[Stored items]

(* Let $n\ge1$, $\mathcal{I}=\mathbb{Z}_{\ge1}$, $\Gamma_l=\{x\in\mathbb{Z}^n_{\ge0}\mid\sum_{i=1}^nx_i=l\}$ for $l\in\mathcal{I}$, and let $\pi_l$ be probability distributions on $\Gamma_l$ strictly positive on every element. Suppose: (a) whenever $x,x+e_j-e_k\in\Gamma_i$ and $y,y+e_j-e_k\in\Gamma_{i+1}$ ($i\in\mathcal{I}$) with $x_j=y_j$, $x_k=y_k$, we have $\frac{\pi_i(x+e_j-e_k)}{\pi_i(x)}=\frac{\pi_{i+1}(y+e_j-e_k)}{\pi_{i+1}(y)}$; (b) for each $i\in\mathcal{I}$ there is a constant $a_i$ depending only on $i$ such that whenever $x\in\Gamma_i$, $x+e_j,y\in\Gamma_{i+1}$, $y+e_j\in\Gamma_{i+2}$ with $x_j=y_j$, we have $\frac{\pi_{i+1}(x+e_j)}{\pi_i(x)}=a_i\frac{\pi_{i+2}(y+e_j)}{\pi_{i+1}(y)}$. Then the family $(\Gamma_l,\pi_l)_{l\in\mathcal{I}}$ has product-form distribution: there exist $f_i:\mathbb{Z}_{\ge0}\to\mathbb{R}_{>0}$, $i=1,\dots,n$, with $\pi_l(x)=Z_l^{-1}\prod_{i=1}^nf_i(x_i)$ for all $l\in\mathcal{I}$ and $x\in\Gamma_l$, where $Z_l=\sum_{x\in\Gamma_l}\prod_if_i(x_i)$.
   Context: $e_j$ denotes the $j$-th standard basis vector of $\mathbb{Z}^n$. *)

theory Defs
  imports Complex_Main "HOL-Library.Function_Algebras"
begin
lemma mat_kernel_truncate_zero_rows:
  assumes C: "C \<in> carrier_mat N n" and zero: "\<And>i k. m \<le> i \<Longrightarrow> i < N \<Longrightarrow> k < n \<Longrightarrow> C $$ (i, k) = 0"
  shows "mat_kernel (mat m n (\<lambda>(a, k). if a < N then C $$ (a, k) else 0)) = mat_kernel C"
    (is "mat_kernel ?T = _")
proof (rule Set.set_eqI)
  fix y
  show "y \<in> mat_kernel ?T \<longleftrightarrow> y \<in> mat_kernel C"
  proof (cases "y \<in> carrier_vec n")
    case y: True
    have Ty: "(?T *\<^sub>v y) $ a = (if a < N then (C *\<^sub>v y) $ a else 0)" if "a < m" for a
      using that y C by (auto simp: scalar_prod_def)
    have Cy: "(C *\<^sub>v y) $ i = 0" if "m \<le> i" "i < N" for i
      using that y C zero by (simp add: scalar_prod_def)
    have "?T *\<^sub>v y = 0\<^sub>v m \<longleftrightarrow> (\<forall>a<m. (?T *\<^sub>v y) $ a = 0)" by (auto simp: vec_eq_iff)
    also have "\<dots> \<longleftrightarrow> (\<forall>i<N. (C *\<^sub>v y) $ i = 0)"
    proof (intro iffI allI impI)
      fix i assume "\<forall>a<m. (?T *\<^sub>v y) $ a = 0" "i < N"
      then show "(C *\<^sub>v y) $ i = 0" using Ty[of i] Cy[of i] by (cases "i < m") auto
    qed (use Ty in simp)
    also have "\<dots> \<longleftrightarrow> C *\<^sub>v y = 0\<^sub>v N" using C by (auto simp: vec_eq_iff)
    finally show ?thesis using y C by (simp add: mat_kernel_def)
  qed (use C in \<open>simp add: mat_kernel_def\<close>)
qed

lemma nontrivial_kernel_row_compression:
  fixes A :: "'a::field mat"
  assumes A: "A \<in> carrier_mat N (Suc m)"
    and x: "x \<in> mat_kernel A" "x \<noteq> 0\<^sub>v (Suc m)"
  obtains R where "R \<in> carrier_mat m N" "mat_kernel (R * A) = mat_kernel A"
proof -
  obtain C where C_def: "gauss_jordan_single A = C" by simp
  note gj = gauss_jordan_single[OF A C_def]
  obtain P where P: "C = P * A" "P \<in> carrier_mat N N" using gj(4) by blast
  have C: "C \<in> carrier_mat N (Suc m)" using gj(2) .
  have zero_rows: "C $$ (i, k) = 0" if "m \<le> i" "i < N" "k < Suc m" for i k
    using row_echelon_form_nontrivial_kernel_zero_rows[OF C gj(3) _ x(2) _ that] x(1) gj(1) A
    by (auto simp: mat_kernel_def)
  define R where "R = mat m N (\<lambda>(a, r). if a < N then P $$ (a, r) else 0)"
  have R: "R \<in> carrier_mat m N" unfolding R_def by simp
  have "R * A = mat m (Suc m) (\<lambda>(a, k). if a < N then C $$ (a, k) else 0)"
    by (rule eq_matI) (use A P in \<open>auto simp: R_def scalar_prod_def intro!: sum.cong\<close>)
  then have "mat_kernel (R * A) = mat_kernel C"
    using mat_kernel_truncate_zero_rows[OF C zero_rows] by simp
  also have "mat_kernel C = mat_kernel A"
    using gj(1) A C by (auto simp: mat_kernel_def)
  finally show ?thesis using that R by blast
qed

section \<open>Pencils of matrices\<close>

definition pencil :: "'a::comm_ring_1 mat \<Rightarrow> 'a mat \<Rightarrow> 'a \<times> 'a \<Rightarrow> 'a mat" where
  "pencil A\<^sub>1 A\<^sub>2 v = fst v \<cdot>\<^sub>m A\<^sub>1 + snd v \<cdot>\<^sub>m A\<^sub>2"

lemma dim_pencil [simp]:
  "dim_row (pencil A\<^sub>1 A\<^sub>2 v) = dim_row A\<^sub>2" "dim_col (pencil A\<^sub>1 A\<^sub>2 v) = dim_col A\<^sub>2"
  unfolding pencil_def by simp_all

lemma pencil_carrier [simp]:
  "A\<^sub>1 \<in> carrier_mat n k \<Longrightarrow> A\<^sub>2 \<in> carrier_mat n k \<Longrightarrow> pencil A\<^sub>1 A\<^sub>2 v \<in> carrier_mat n k"
  unfolding pencil_def by simp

■ **WHAT IS EXPECTED**
From the records above, extract each line exactly as shown.

■ **RESULT OF THIS EXERCISE**
(* Let $n\ge1$, $\mathcal{I}=\mathbb{Z}_{\ge1}$, $\Gamma_l=\{x\in\mathbb{Z}^n_{\ge0}\mid\sum_{i=1}^nx_i=l\}$ for $l\in\mathcal{I}$, and let $\pi_l$ be probability distributions on $\Gamma_l$ strictly positive on every element. Suppose: (a) whenever $x,x+e_j-e_k\in\Gamma_i$ and $y,y+e_j-e_k\in\Gamma_{i+1}$ ($i\in\mathcal{I}$) with $x_j=y_j$, $x_k=y_k$, we have $\frac{\pi_i(x+e_j-e_k)}{\pi_i(x)}=\frac{\pi_{i+1}(y+e_j-e_k)}{\pi_{i+1}(y)}$; (b) for each $i\in\mathcal{I}$ there is a constant $a_i$ depending only on $i$ such that whenever $x\in\Gamma_i$, $x+e_j,y\in\Gamma_{i+1}$, $y+e_j\in\Gamma_{i+2}$ with $x_j=y_j$, we have $\frac{\pi_{i+1}(x+e_j)}{\pi_i(x)}=a_i\frac{\pi_{i+2}(y+e_j)}{\pi_{i+1}(y)}$. Then the family $(\Gamma_l,\pi_l)_{l\in\mathcal{I}}$ has product-form distribution: there exist $f_i:\mathbb{Z}_{\ge0}\to\mathbb{R}_{>0}$, $i=1,\dots,n$, with $\pi_l(x)=Z_l^{-1}\prod_{i=1}^nf_i(x_i)$ for all $l\in\mathcal{I}$ and $x\in\Gamma_l$, where $Z_l=\sum_{x\in\Gamma_l}\prod_if_i(x_i)$.
   Context: $e_j$ denotes the $j$-th standard basis vector of $\mathbb{Z}^n$. *)

theory Defs
  imports Complex_Main "HOL-Library.Function_Algebras"
begin
lemma mat_kernel_truncate_zero_rows:
  assumes C: "C \<in> carrier_mat N n" and zero: "\<And>i k. m \<le> i \<Longrightarrow> i < N \<Longrightarrow> k < n \<Longrightarrow> C $$ (i, k) = 0"
  shows "mat_kernel (mat m n (\<lambda>(a, k). if a < N then C $$ (a, k) else 0)) = mat_kernel C"
    (is "mat_kernel ?T = _")
proof (rule Set.set_eqI)
  fix y
  show "y \<in> mat_kernel ?T \<longleftrightarrow> y \<in> mat_kernel C"
  proof (cases "y \<in> carrier_vec n")
    case y: True
    have Ty: "(?T *\<^sub>v y) $ a = (if a < N then (C *\<^sub>v y) $ a else 0)" if "a < m" for a
      using that y C by (auto simp: scalar_prod_def)
    have Cy: "(C *\<^sub>v y) $ i = 0" if "m \<le> i" "i < N" for i
      using that y C zero by (simp add: scalar_prod_def)
    have "?T *\<^sub>v y = 0\<^sub>v m \<longleftrightarrow> (\<forall>a<m. (?T *\<^sub>v y) $ a = 0)" by (auto simp: vec_eq_iff)
    also have "\<dots> \<longleftrightarrow> (\<forall>i<N. (C *\<^sub>v y) $ i = 0)"
    proof (intro iffI allI impI)
      fix i assume "\<forall>a<m. (?T *\<^sub>v y) $ a = 0" "i < N"
      then show "(C *\<^sub>v y) $ i = 0" using Ty[of i] Cy[of i] by (cases "i < m") auto
    qed (use Ty in simp)
    also have "\<dots> \<longleftrightarrow> C *\<^sub>v y = 0\<^sub>v N" using C by (auto simp: vec_eq_iff)
    finally show ?thesis using y C by (simp add: mat_kernel_def)
  qed (use C in \<open>simp add: mat_kernel_def\<close>)
qed

lemma nontrivial_kernel_row_compression:
  fixes A :: "'a::field mat"
  assumes A: "A \<in> carrier_mat N (Suc m)"
    and x: "x \<in> mat_kernel A" "x \<noteq> 0\<^sub>v (Suc m)"
  obtains R where "R \<in> carrier_mat m N" "mat_kernel (R * A) = mat_kernel A"
proof -
  obtain C where C_def: "gauss_jordan_single A = C" by simp
  note gj = gauss_jordan_single[OF A C_def]
  obtain P where P: "C = P * A" "P \<in> carrier_mat N N" using gj(4) by blast
  have C: "C \<in> carrier_mat N (Suc m)" using gj(2) .
  have zero_rows: "C $$ (i, k) = 0" if "m \<le> i" "i < N" "k < Suc m" for i k
    using row_echelon_form_nontrivial_kernel_zero_rows[OF C gj(3) _ x(2) _ that] x(1) gj(1) A
    by (auto simp: mat_kernel_def)
  define R where "R = mat m N (\<lambda>(a, r). if a < N then P $$ (a, r) else 0)"
  have R: "R \<in> carrier_mat m N" unfolding R_def by simp
  have "R * A = mat m (Suc m) (\<lambda>(a, k). if a < N then C $$ (a, k) else 0)"
    by (rule eq_matI) (use A P in \<open>auto simp: R_def scalar_prod_def intro!: sum.cong\<close>)
  then have "mat_kernel (R * A) = mat_kernel C"
    using mat_kernel_truncate_zero_rows[OF C zero_rows] by simp
  also have "mat_kernel C = mat_kernel A"
    using gj(1) A C by (auto simp: mat_kernel_def)
  finally show ?thesis using that R by blast
qed

section \<open>Pencils of matrices\<close>

definition pencil :: "'a::comm_ring_1 mat \<Rightarrow> 'a mat \<Rightarrow> 'a \<times> 'a \<Rightarrow> 'a mat" where
  "pencil A\<^sub>1 A\<^sub>2 v = fst v \<cdot>\<^sub>m A\<^sub>1 + snd v \<cdot>\<^sub>m A\<^sub>2"

lemma dim_pencil [simp]:
  "dim_row (pencil A\<^sub>1 A\<^sub>2 v) = dim_row A\<^sub>2" "dim_col (pencil A\<^sub>1 A\<^sub>2 v) = dim_col A\<^sub>2"
  unfolding pencil_def by simp_all

lemma pencil_carrier [simp]:
  "A\<^sub>1 \<in> carrier_mat n k \<Longrightarrow> A\<^sub>2 \<in> carrier_mat n k \<Longrightarrow> pencil A\<^sub>1 A\<^sub>2 v \<in> carrier_mat n k"
  unfolding pencil_def by simp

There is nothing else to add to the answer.